Importing an old code repo

I’ve converted code repos a number of times through my career. From cvs to subversion, from subversion to mercurial and git, from mercurial to git. However until the other day, I’d never converted from cvs to git directly.

In this case it was converting an old CVS repo I’d found in some old backup cdroms which were being tossed out.

It went well but there were a few hiccups. First there are a number of methods to do this. My first port of call was git’s own cvsimport command but the documentation makes it pretty clear there are better choices. From there I went with cvs2git which is confusingly part of the cvs2svn project. Historically it makes sense - early cvs migrations were to subversion because git and other modern version control systems didn’t yet exist.

Once I started I discovered the other larger issue: cvs repositories often have corruption issues. There are lots of reasons: cvs had a number of bugs over the years, certain actions in a repository required admins to manually make changes and cvs really lacked a way to check the correctness of repositories.

One issue is that cvs is in many ways a wrapper around an older system called rcs. And it was a rather light wrapper in many ways because source was largely kept in rcs files (,v files) and then some (but not all) repository actions were tracked in a history file. And that’s usually where problems in migrating cvs crop up.

This time that was fine. The issue in this case was old bugs in cvs. The issue I had was discussed on a mailing list back in 2000. It turns out that reanimating old data often takes old bug reports!

I just glanced through your RCS file and it looks like perhaps some revisions were deleted improperly. There used to be bugs in the ‘cvs admin -o’ command which may have caused something like this, or someone may have attempted to edit the file by hand and caused the trouble.

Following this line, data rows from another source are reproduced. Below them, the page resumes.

(* For every $n>3$, let $G_n$ be the directed graph with nodes $0,\dots,n-1$ and arcs $i\to i+1$ for $0\le i\le n-2$, $j\to 0$ for $1\le j\le n-1$, and $0\to n-1$. Then $G_n$ is strongly connected and $R(G_n)=1/3$.
   Context: $d_G(x,y)$ is the shortest directed path length from $x$ to $y$ ($\infty$ if none). The distance-count matrix $C_G\in\mathbb{R}^{n\times n}$ has $(C_G)_{i,k}=|\{j: d_G(j,i)=k\}|$. For $\mathbf a\in\mathbb{R}^{\mathbb{N}}$ (with $a_0$ arbitrary) the linear centrality is $f^{\mathbf a}_G(i)=\sum_{k=0}^{n-1}(C_G)_{i,k}a_k$. A permutation $\pi$ of $\{0,\dots,n-1\}$ is representable by $G$ if there is $\mathbf a$ with $f^{\mathbf a}_G(\pi(0))>\dots>f^{\mathbf a}_G(\pi(n-1))$. $R(G)=|\{\pi\in S_n:\pi\text{ representable by }G\}|/n!$. *)

theory Defs
  imports Complex_Main "HOL-Library.Extended_Nat" "HOL-Combinatorics.Permutations"
begin

text \<open>A directed graph on the nodes 0,...,n-1 is given by the number of nodes n and an
arc relation E (only arcs between nodes below n are relevant).\<close>

definition walk :: "nat \<Rightarrow> (nat \<Rightarrow> nat \<Rightarrow> bool) \<Rightarrow> nat \<Rightarrow> nat \<Rightarrow> nat \<Rightarrow> bool" where
  "walk n E x y k \<longleftrightarrow> (\<exists>p::nat \<Rightarrow> nat. p 0 = x \<and> p k = y \<and> (\<forall>i\<le>k. p i < n)
      \<and> (\<forall>i<k. E (p i) (p (Suc i))))"

definition gdist :: "nat \<Rightarrow> (nat \<Rightarrow> nat \<Rightarrow> bool) \<Rightarrow> nat \<Rightarrow> nat \<Rightarrow> enat" where
  "gdist n E x y = (if \<exists>k. walk n E x y k then enat (LEAST k. walk n E x y k) else \<infinity>)"

definition strongly_connected :: "nat \<Rightarrow> (nat \<Rightarrow> nat \<Rightarrow> bool) \<Rightarrow> bool" where
  "strongly_connected n E \<longleftrightarrow> (\<forall>x<n. \<forall>y<n. gdist n E x y \<noteq> \<infinity>)"

definition dist_count :: "nat \<Rightarrow> (nat \<Rightarrow> nat \<Rightarrow> bool) \<Rightarrow> nat \<Rightarrow> nat \<Rightarrow> nat" where
  "dist_count n E i k = card {j. j < n \<and> gdist n E j i = enat k}"

definition lin_centrality :: "nat \<Rightarrow> (nat \<Rightarrow> nat \<Rightarrow> bool) \<Rightarrow> (nat \<Rightarrow> real) \<Rightarrow> nat \<Rightarrow> real" where
  "lin_centrality n E a i = (\<Sum>k<n. real (dist_count n E i k) * a k)"

definition representable :: "nat \<Rightarrow> (nat \<Rightarrow> nat \<Rightarrow> bool) \<Rightarrow> (nat \<Rightarrow> nat) \<Rightarrow> bool" where
  "representable n E \<pi> \<longleftrightarrow> (\<exists>a::nat \<Rightarrow> real. \<forall>m. Suc m < n \<longrightarrow>
      lin_centrality n E a (\<pi> m) > lin_centrality n E a (\<pi> (Suc m)))"

definition R_ratio :: "nat \<Rightarrow> (nat \<Rightarrow> nat \<Rightarrow> bool) \<Rightarrow> real" where
  "R_ratio n E = real (card {\<pi>. \<pi> permutes {..<n} \<and> representable n E \<pi>}) / fact n"

definition Gn :: "nat \<Rightarrow> nat \<Rightarrow> nat \<Rightarrow> bool" where
  "Gn n i j \<longleftrightarrow> i < n \<and> j < n \<and>
     ((i \<le> n - 2 \<and> j = i + 1) \<or> (1 \<le> i \<and> j = 0) \<or> (i = 0 \<and> j = n - 1))"

end

theory Submission
  imports Defs
begin

(*
  In G_n every node j reaches 0 in one step, a node i <= n - 2 along the path when j <= i and
  through 0 in i + 1 steps otherwise, and n - 1 in one step from n - 2 and 0 and in two steps
  from everywhere else. Hence the centralities F(0), ..., F(n - 2) form a triangular system in
  the weights and can be prescribed arbitrarily, whereas (n - 2) F(n - 1) = F(0) + (n - 3) F(1)
  holds for all weights. So a ranking is representable iff n - 1 lies strictly between 0 and 1,
  and by symmetry this is the case for exactly a third of all rankings.
*)

lemma walk_0_iff: "walk n E x y 0 \<longleftrightarrow> x = y \<and> x < n"
  unfolding walk_def by auto

lemma walk_snoc:
  assumes "walk n E x h k" "E h y" "y < n"
  shows "walk n E x y (Suc k)"
proof -
  obtain p where "p 0 = x" "p k = h" "\<forall>i\<le>k. p i < n" "\<forall>i<k. E (p i) (p (Suc i))"
    using assms(1) unfolding walk_def by blast
  then show ?thesis
    unfolding walk_def using assms(2,3)
    by (intro exI[of _ "p(Suc k := y)"]) (auto simp: le_Suc_eq less_Suc_eq)
qed

lemma walk_SucE:
  assumes "walk n E x y (Suc k)"
  obtains h where "walk n E x h k" "h < n" "E h y"
proof -
  obtain p where "p 0 = x" "p (Suc k) = y" "\<forall>i\<le>Suc k. p i < n"
      "\<forall>i<Suc k. E (p i) (p (Suc i))"
    using assms unfolding walk_def by blast
  then have "walk n E x (p k) k"
    unfolding walk_def by (intro exI[of _ p]) auto
  then show ?thesis
    using that \<open>\<forall>i\<le>Suc k. p i < n\<close> \<open>\<forall>i<Suc k. E (p i) (p (Suc i))\<close>
      \<open>p (Suc k) = y\<close> by auto
qed

lemma walk_length_lower_bound:
  assumes "d x = 0" "\<And>h y. h < n \<Longrightarrow> y < n \<Longrightarrow> E h y \<Longrightarrow> d y \<le> d h + 1"
    and "walk n E x y k"
  shows "d y \<le> k"
  using assms(3)
proof (induction k arbitrary: y)
  case 0
  then show ?case using assms(1) by (simp add: walk_0_iff)
next
  case (Suc k)
  then obtain h where "walk n E x h k" "h < n" "E h y" by (blast elim: walk_SucE)
  moreover have "y < n" using Suc.prems unfolding walk_def by auto
  ultimately show ?case using Suc.IH assms(2) by fastforce
qed

lemma walk_of_potential:
  assumes "d x = 0" "x < n"
    and "\<And>y. y < n \<Longrightarrow> y \<noteq> x \<Longrightarrow> \<exists>h<n. E h y \<and> d y = d h + 1"
    and "y < n"
  shows "walk n E x y (d y)"
proof -
  have "\<forall>y<n. d y = m \<longrightarrow> walk n E x y m" for m
  proof (induction m)
    case 0
    show ?case
    proof (intro allI impI)
      fix y assume "y < n" "d y = 0"
      then have "y = x" using assms(3) by fastforce
      then show "walk n E x y 0" using assms(2) by (simp add: walk_0_iff)
    qed
  next
    case (Suc m)
    show ?case
    proof (intro allI impI)
      fix y assume y: "y < n" and "d y = Suc m"
      then have "y \<noteq> x" using assms(1) by auto
      then obtain h where "h < n" "E h y" "d y = d h + 1" using assms(3) y by blast
      then show "walk n E x y (Suc m)"
        using Suc.IH \<open>d y = Suc m\<close> y by (auto intro: walk_snoc)
    qed
  qed
  then show ?thesis using assms(4) by blast
qed

lemma gdist_eq_potential:
  assumes "d x = 0" "x < n"
    and "\<And>h y. h < n \<Longrightarrow> y < n \<Longrightarrow> E h y \<Longrightarrow> d y \<le> d h + 1"
    and "\<And>y. y < n \<Longrightarrow> y \<noteq> x \<Longrightarrow> \<exists>h<n. E h y \<and> d y = d h + 1"
    and "y < n"
  shows "gdist n E x y = enat (d y)"
  unfolding gdist_def
  using walk_of_potential[of d x n E y] walk_length_lower_bound[of d x n E y] assms
  by (auto intro!: Least_equality)

lemma lin_centrality_eq_sum:
  assumes "\<And>j. j < n \<Longrightarrow> gdist n E j i = enat (d j)" "\<And>j. j < n \<Longrightarrow> d j < n"
  shows "lin_centrality n E a i = (\<Sum>j<n. a (d j))"
proof -
  have "(\<Sum>j<n. a (d j)) = (\<Sum>k<n. \<Sum>j\<in>{j \<in> {..<n}. d j = k}. a (d j))"
    using assms(2) by (intro sum.group[symmetric]) auto
  also have "\<dots> = (\<Sum>k<n. real (card {j. j < n \<and> gdist n E j i = enat k}) * a k)"
    using assms(1) by (intro sum.cong refl) (simp add: conj_commute cong: conj_cong)
  finally show ?thesis
    unfolding lin_centrality_def dist_count_def by simp
qed

definition Gn_dist :: "nat \<Rightarrow> nat \<Rightarrow> nat \<Rightarrow> nat" where
  "Gn_dist n j i =
     (if i = n - 1 then (if j = n - 1 then 0 else if j = n - 2 \<or> j = 0 then 1 else 2)
      else if j \<le> i then i - j else i + 1)"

In this case two files in the CVSROOT directory were corrupt: cvsignore,v and modules,v. These were administration files and not actually important for migrating the repository out from cvs to git.

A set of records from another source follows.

text \<open>Hypothesis \<open>nonempty\<close> excludes that only V admits test functions, in which case
  \<open>lambda_sp s p U\<close> would be the junk value \<open>Inf {}\<close>.\<close>

lemma lambda_sp_le_by_competitors:
  fixes U V :: "'a::euclidean_space set"
  assumes s: "0 < s" "s < 1" and p: "0 < p" and U: "U \<in> sets lebesgue" and V: "V \<in> sets lebesgue"
    and improve: "\<And>v. competitor s p U v \<Longrightarrow> \<exists>w. competitor s p V w \<and> gagliardo s w \<le> gagliardo s v"
    and nonempty: "\<And>w. competitor s p V w \<Longrightarrow> \<exists>v. competitor s p U v"
  shows "lambda_sp s p V \<le> lambda_sp s p U"
proof -
  define E where "E W = {Hs_seminorm_sq s u | u. u \<in> Hs0 s W \<and> Lp_norm_on p W u = 1}" for W :: "'a set"
  have E_empty: "E W = {} \<longleftrightarrow> (\<nexists>v. competitor s p W v)" if "W \<in> sets lebesgue" for W
    using ex_competitor_le[OF _ _ p that] competitor_in_Hs0[OF _ p] by (fastforce simp: E_def)
  have lambda_E: "lambda_sp s p W = Inf (E W)" for W
    by (simp add: lambda_sp_def E_def)
  show ?thesis
  proof (cases "E U = {}")
    case True
    then have "E V = {}"
      using E_empty[OF U] E_empty[OF V] nonempty by blast
    with True show ?thesis
      by (simp add: lambda_E)
  next
    case False
    have "Inf (E V) \<le> Inf (E U)"
    proof (rule cInf_mono[OF False])
      show "bdd_below (E V)"
        by (rule bdd_belowI[of _ 0]) (auto simp: E_def Hs_seminorm_sq_nonneg[OF s])
    next
      fix z assume "z \<in> E U"
      then obtain u where u: "u \<in> Hs0 s U" "Lp_norm_on p U u = 1" and z: "z = Hs_seminorm_sq s u"
        by (auto simp: E_def)
      obtain v where v: "competitor s p U v" "gagliardo s v \<le> gagliardo s u"
        using ex_competitor_le[OF u p U] by blast
      obtain w where w: "competitor s p V w" "gagliardo s w \<le> gagliardo s v"
        using improve[OF v(1)] by blast
      have "gagliardo s u < \<infinity>"
        using u(1) by (simp add: Hs0_def Hs_def)
      then have "Hs_seminorm_sq s w \<le> z"
        unfolding z using v(2) w(2) by (intro Hs_seminorm_sq_mono[OF s]) auto
      moreover have "Hs_seminorm_sq s w \<in> E V"
        using competitor_in_Hs0[OF w(1) p] by (auto simp: E_def)
      ultimately show "\<exists>y\<in>E V. y \<le> z" by blast
    qed
    then show ?thesis
      by (simp add: lambda_E)
  qed
qed
lemma h_factor'_eq:
  "y1' *\<^sub>s (x2' -\<^sub>s x2) -\<^sub>s y2' *\<^sub>s (x1' -\<^sub>s x1) =
     sc_term (yset False False True False) dx2 +\<^sub>s sc_term (yset False False False True) (- dx1 :: 'k::comm_ring_1 mpoly)"
  by (rule sc_eqI) (simp_all add: sc_coord_simps all_bool_eq)

lemma h1_eq: "(h1 :: 'k::comm_ring_1 sc) = sc_term (yset True True True True) 1"
  unfolding h1_def by (rule sc_eqI) (simp_all add: sc_coord_simps all_bool_eq)

lemma h2_eq:
  "(h2 :: 'k::comm_ring_1 sc) =
     sc_term (yset True True True False) dx2 +\<^sub>s sc_term (yset True True False True) (- dx1)"
  unfolding h2_def y1_y2_eq h_factor'_eq by (rule sc_eqI) (simp_all add: sc_coord_simps all_bool_eq)

lemma h3_eq:
  "(h3 :: 'k::comm_ring_1 sc) =
     sc_term (yset True False True True) dx2 +\<^sub>s sc_term (yset False True True True) (- dx1)"
  unfolding h3_def y1'_y2'_eq h_factor_eq by (rule sc_eqI) (simp_all add: sc_coord_simps all_bool_eq)

lemma h4_eq:
  "(h4 :: 'k::comm_ring_1 sc) =
     sc_term (yset True False True False) (- (dx2 * dx2)) +\<^sub>s sc_term (yset False True True False) (dx1 * dx2) +\<^sub>s
     sc_term (yset True False False True) (dx1 * dx2) +\<^sub>s sc_term (yset False True False True) (- (dx1 * dx1))"
  unfolding h4_def h_factor_eq h_factor'_eq sc_add_mult_distrib
  by (rule sc_eqI) (simp_all add: sc_coord_simps all_bool_eq algebra_simps)

section \<open>Parity\<close>

definition sc_homogeneous :: "'k::comm_ring_1 sc \<Rightarrow> nat \<Rightarrow> bool" where
  "sc_homogeneous u k \<longleftrightarrow> (\<forall>S. u S \<noteq> 0 \<longrightarrow> S \<subseteq> {0..<4} \<and> card S mod 2 = k)"

lemma sc_homogeneous_coeff_eq_0: "sc_homogeneous u k \<Longrightarrow> card S mod 2 \<noteq> k \<Longrightarrow> u S = 0"
  by (auto simp: sc_homogeneous_def)

lemma sc_homogeneous_outside: "sc_homogeneous u k \<Longrightarrow> \<not> S \<subseteq> {0..<4} \<Longrightarrow> u S = 0"
  by (auto simp: sc_homogeneous_def)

But it does help to understand the issue. Those files looked something like this (skipping past the header info):

 1
 2
 3
 4
 5
 6
 7
 8
 9
10
11
12
13
14
15
16
17
1.2
log
@foo two
@
text
@moo
foo 2
@


1.1
log
@foo 1
@
text
@d3 1
@

This is just an rcs file I made (foo,v) and then corrupted myself. If I try and check it out co -r1.1 foo it will fail with this error:

1
2
3
4
5
foo,v  -->  foo
revision 1.1
writable foo exists; remove it? [ny](n): y
co: foo,v:40: edit script refers to line past end of file
co aborted

Line 40 in this case is the d3 1 line. The rcs file format stores the full file in the current version - the moo and foo 2 lines (without the @ chars) in the revision 1.2 section. Then the older revisions do edit commands to change the text - in this case it was supposed to delete a single line at line 2. However I changed it to want to delete a single line at line 3 (@d3 1). Changing that to @d2 1 and it will work fine.

Working out how to fix that in nearly 20 year files is a bit harder, but that’s effectively the process.

Sometime later I’ll see how well 20 year C and C++ code builds on current systems. I’m guessing poorly for the C++ code.